(Recorded data)
══════
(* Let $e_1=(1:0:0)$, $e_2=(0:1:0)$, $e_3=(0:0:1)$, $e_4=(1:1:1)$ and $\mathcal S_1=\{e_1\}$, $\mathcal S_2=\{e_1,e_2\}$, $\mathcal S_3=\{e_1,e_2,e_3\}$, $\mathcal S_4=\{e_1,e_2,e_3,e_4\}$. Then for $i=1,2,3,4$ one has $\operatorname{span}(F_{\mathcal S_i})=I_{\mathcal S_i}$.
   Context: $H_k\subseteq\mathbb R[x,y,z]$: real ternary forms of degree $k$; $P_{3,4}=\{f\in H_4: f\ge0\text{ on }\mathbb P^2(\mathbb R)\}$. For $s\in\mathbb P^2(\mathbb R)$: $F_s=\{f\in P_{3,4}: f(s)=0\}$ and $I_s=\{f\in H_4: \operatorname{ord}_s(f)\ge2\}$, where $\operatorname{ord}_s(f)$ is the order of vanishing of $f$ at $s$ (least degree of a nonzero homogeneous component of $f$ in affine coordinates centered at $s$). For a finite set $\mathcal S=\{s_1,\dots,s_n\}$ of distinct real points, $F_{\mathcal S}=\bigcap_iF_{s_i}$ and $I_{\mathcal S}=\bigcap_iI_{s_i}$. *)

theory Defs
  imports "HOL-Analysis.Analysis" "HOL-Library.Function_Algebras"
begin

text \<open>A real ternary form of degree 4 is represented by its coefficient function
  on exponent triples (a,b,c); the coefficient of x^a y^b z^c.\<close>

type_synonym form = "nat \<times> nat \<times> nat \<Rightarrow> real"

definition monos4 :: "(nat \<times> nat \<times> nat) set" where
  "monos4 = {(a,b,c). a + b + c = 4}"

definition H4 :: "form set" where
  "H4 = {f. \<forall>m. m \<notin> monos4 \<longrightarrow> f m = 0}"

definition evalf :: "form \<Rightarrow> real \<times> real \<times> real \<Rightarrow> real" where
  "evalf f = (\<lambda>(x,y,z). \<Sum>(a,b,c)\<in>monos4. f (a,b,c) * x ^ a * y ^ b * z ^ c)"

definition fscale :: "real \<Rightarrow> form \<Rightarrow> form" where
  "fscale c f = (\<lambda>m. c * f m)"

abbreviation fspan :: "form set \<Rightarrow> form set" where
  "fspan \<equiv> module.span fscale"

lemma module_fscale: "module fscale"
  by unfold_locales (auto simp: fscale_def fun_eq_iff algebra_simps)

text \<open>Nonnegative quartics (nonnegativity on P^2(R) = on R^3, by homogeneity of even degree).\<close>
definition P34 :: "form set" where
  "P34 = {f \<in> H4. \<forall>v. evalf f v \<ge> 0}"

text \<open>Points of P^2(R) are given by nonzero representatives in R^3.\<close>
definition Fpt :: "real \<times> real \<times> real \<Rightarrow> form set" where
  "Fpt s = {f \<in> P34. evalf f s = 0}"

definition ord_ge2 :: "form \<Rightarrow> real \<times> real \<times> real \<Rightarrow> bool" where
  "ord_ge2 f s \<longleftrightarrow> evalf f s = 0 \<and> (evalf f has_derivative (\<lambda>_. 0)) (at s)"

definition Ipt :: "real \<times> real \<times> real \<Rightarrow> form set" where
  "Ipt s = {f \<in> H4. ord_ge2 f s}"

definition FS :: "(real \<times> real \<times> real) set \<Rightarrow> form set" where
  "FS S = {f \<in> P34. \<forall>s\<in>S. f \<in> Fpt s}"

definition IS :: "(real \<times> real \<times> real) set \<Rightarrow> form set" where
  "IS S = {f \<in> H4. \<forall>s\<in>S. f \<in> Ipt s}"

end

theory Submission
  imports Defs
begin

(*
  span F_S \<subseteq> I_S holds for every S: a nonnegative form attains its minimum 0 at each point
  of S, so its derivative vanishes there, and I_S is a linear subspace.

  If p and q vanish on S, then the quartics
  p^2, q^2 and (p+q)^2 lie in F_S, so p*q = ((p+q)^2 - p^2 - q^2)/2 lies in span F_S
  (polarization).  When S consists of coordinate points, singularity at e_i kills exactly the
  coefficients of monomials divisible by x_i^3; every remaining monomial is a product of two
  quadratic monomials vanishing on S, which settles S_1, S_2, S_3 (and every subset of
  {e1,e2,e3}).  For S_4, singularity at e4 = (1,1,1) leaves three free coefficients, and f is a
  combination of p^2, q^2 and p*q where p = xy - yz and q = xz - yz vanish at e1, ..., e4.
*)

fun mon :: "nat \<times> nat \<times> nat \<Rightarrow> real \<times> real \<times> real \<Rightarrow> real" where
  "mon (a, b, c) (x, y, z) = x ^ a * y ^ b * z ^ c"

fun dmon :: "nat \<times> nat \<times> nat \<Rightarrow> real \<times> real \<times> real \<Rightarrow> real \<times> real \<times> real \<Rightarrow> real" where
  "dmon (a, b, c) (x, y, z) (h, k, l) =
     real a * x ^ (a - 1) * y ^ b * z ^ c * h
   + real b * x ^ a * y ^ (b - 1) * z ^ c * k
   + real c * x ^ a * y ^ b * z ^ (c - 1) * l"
══════
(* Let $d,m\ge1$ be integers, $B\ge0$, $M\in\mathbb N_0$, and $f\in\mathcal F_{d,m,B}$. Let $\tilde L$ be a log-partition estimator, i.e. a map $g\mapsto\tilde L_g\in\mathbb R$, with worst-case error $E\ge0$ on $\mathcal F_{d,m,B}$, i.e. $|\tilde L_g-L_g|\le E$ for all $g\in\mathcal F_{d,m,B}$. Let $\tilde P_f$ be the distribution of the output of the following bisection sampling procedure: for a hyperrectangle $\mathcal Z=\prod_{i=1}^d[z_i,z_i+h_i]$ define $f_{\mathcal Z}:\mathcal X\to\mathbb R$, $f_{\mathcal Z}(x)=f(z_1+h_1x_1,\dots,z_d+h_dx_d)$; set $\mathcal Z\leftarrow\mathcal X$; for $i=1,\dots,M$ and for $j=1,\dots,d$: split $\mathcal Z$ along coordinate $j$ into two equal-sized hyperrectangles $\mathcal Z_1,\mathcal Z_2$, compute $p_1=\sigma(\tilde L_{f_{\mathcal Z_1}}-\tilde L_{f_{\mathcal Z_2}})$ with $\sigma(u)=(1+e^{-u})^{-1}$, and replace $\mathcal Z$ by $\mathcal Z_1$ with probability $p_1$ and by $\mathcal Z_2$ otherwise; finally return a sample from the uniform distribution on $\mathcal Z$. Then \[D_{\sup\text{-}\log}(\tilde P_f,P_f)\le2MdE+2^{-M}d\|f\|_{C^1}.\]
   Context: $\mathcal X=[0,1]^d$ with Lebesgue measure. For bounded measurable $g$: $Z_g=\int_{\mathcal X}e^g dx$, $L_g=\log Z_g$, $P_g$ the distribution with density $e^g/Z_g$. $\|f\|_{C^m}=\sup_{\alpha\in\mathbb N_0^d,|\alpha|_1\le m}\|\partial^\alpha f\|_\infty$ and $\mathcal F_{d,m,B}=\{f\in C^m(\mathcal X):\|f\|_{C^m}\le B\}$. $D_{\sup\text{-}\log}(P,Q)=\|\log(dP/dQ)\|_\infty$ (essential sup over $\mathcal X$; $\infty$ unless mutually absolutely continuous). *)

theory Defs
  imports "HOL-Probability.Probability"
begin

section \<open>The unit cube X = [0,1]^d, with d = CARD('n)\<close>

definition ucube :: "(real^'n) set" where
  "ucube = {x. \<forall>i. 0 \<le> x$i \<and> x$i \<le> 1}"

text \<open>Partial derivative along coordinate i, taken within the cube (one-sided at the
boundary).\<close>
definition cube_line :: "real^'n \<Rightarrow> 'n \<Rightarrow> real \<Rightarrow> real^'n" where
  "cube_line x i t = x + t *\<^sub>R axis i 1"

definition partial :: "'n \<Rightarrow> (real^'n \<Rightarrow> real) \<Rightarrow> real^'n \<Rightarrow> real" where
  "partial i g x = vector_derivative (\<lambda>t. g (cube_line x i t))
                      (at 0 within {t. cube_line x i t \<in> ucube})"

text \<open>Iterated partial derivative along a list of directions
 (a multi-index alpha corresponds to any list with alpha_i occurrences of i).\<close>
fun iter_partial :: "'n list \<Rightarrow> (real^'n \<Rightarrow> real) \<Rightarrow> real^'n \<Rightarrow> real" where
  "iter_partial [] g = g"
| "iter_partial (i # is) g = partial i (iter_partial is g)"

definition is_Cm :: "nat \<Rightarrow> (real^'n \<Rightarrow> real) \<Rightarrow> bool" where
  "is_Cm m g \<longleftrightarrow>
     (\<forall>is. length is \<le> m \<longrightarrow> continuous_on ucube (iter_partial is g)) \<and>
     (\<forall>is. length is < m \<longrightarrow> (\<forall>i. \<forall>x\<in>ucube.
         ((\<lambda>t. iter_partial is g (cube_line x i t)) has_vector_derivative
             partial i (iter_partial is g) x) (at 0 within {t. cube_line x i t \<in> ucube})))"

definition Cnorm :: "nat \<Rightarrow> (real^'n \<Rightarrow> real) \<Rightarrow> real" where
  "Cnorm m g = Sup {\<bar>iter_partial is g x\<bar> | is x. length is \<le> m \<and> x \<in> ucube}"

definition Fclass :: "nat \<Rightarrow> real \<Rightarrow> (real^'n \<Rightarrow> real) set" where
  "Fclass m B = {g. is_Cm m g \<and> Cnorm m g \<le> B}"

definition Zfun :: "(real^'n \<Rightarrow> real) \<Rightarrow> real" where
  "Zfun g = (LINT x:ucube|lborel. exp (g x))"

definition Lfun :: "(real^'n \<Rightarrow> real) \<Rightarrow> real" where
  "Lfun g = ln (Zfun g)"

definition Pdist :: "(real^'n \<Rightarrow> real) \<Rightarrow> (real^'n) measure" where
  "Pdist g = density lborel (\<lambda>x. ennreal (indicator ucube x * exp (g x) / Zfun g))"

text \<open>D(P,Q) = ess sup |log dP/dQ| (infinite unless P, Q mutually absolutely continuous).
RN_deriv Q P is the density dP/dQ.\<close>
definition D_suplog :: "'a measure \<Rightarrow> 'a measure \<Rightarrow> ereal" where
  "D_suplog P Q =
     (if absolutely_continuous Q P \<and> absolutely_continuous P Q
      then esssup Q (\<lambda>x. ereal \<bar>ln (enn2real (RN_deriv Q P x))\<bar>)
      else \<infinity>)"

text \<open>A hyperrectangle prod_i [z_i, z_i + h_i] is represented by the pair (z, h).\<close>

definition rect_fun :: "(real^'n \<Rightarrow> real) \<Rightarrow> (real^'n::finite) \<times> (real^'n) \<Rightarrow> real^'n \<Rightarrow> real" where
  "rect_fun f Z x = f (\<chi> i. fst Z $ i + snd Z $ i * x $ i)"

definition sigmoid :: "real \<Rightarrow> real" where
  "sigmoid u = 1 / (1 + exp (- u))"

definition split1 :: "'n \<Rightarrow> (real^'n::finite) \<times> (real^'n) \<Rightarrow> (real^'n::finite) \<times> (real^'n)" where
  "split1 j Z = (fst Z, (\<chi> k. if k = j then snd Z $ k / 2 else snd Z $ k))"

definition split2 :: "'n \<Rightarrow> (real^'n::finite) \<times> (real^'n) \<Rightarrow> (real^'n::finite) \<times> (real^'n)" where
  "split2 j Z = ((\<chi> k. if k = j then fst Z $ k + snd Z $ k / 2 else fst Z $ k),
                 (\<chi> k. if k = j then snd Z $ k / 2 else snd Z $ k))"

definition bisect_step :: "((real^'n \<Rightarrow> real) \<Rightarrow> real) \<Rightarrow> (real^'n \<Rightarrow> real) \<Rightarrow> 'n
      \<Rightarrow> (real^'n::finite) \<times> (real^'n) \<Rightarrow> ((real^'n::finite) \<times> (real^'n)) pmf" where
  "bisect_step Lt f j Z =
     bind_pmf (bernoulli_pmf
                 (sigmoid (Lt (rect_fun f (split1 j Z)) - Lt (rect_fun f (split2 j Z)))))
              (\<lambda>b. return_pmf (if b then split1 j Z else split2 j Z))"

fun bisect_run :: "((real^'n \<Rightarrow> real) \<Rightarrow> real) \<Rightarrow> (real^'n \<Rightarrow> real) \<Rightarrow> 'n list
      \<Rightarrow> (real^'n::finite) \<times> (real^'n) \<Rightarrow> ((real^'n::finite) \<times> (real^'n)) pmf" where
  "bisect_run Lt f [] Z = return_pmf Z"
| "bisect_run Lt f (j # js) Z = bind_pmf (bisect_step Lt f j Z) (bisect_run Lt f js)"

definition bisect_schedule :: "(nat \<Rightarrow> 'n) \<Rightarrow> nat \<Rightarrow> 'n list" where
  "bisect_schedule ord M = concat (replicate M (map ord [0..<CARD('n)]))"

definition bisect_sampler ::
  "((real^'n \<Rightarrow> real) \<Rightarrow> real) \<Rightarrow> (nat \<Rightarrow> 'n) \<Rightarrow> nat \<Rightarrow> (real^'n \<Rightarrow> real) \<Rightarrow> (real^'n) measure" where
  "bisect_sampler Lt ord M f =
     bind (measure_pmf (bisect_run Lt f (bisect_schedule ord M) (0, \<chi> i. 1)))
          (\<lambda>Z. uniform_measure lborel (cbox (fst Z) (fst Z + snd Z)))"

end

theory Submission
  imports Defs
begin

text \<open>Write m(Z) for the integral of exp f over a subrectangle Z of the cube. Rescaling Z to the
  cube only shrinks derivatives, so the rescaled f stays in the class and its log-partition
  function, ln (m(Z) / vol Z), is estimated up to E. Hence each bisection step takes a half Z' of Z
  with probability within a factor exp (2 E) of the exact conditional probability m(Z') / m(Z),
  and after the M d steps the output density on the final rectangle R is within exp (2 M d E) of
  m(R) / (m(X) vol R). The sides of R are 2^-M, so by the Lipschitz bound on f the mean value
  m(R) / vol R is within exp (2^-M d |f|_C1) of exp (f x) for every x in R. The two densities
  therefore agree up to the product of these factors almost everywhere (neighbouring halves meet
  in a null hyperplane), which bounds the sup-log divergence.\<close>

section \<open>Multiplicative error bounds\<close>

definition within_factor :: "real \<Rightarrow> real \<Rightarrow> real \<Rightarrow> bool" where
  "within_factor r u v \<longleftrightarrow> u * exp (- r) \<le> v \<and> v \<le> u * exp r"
══════
▶ _WHAT TO DO_: Using the records above, filter out every line that lacks the string "quartics" and copy the rest.

▶ _TASK OUTPUT_:
text \<open>Nonnegative quartics (nonnegativity on P^2(R) = on R^3, by homogeneity of even degree).\<close>
  If p and q vanish on S, then the quartics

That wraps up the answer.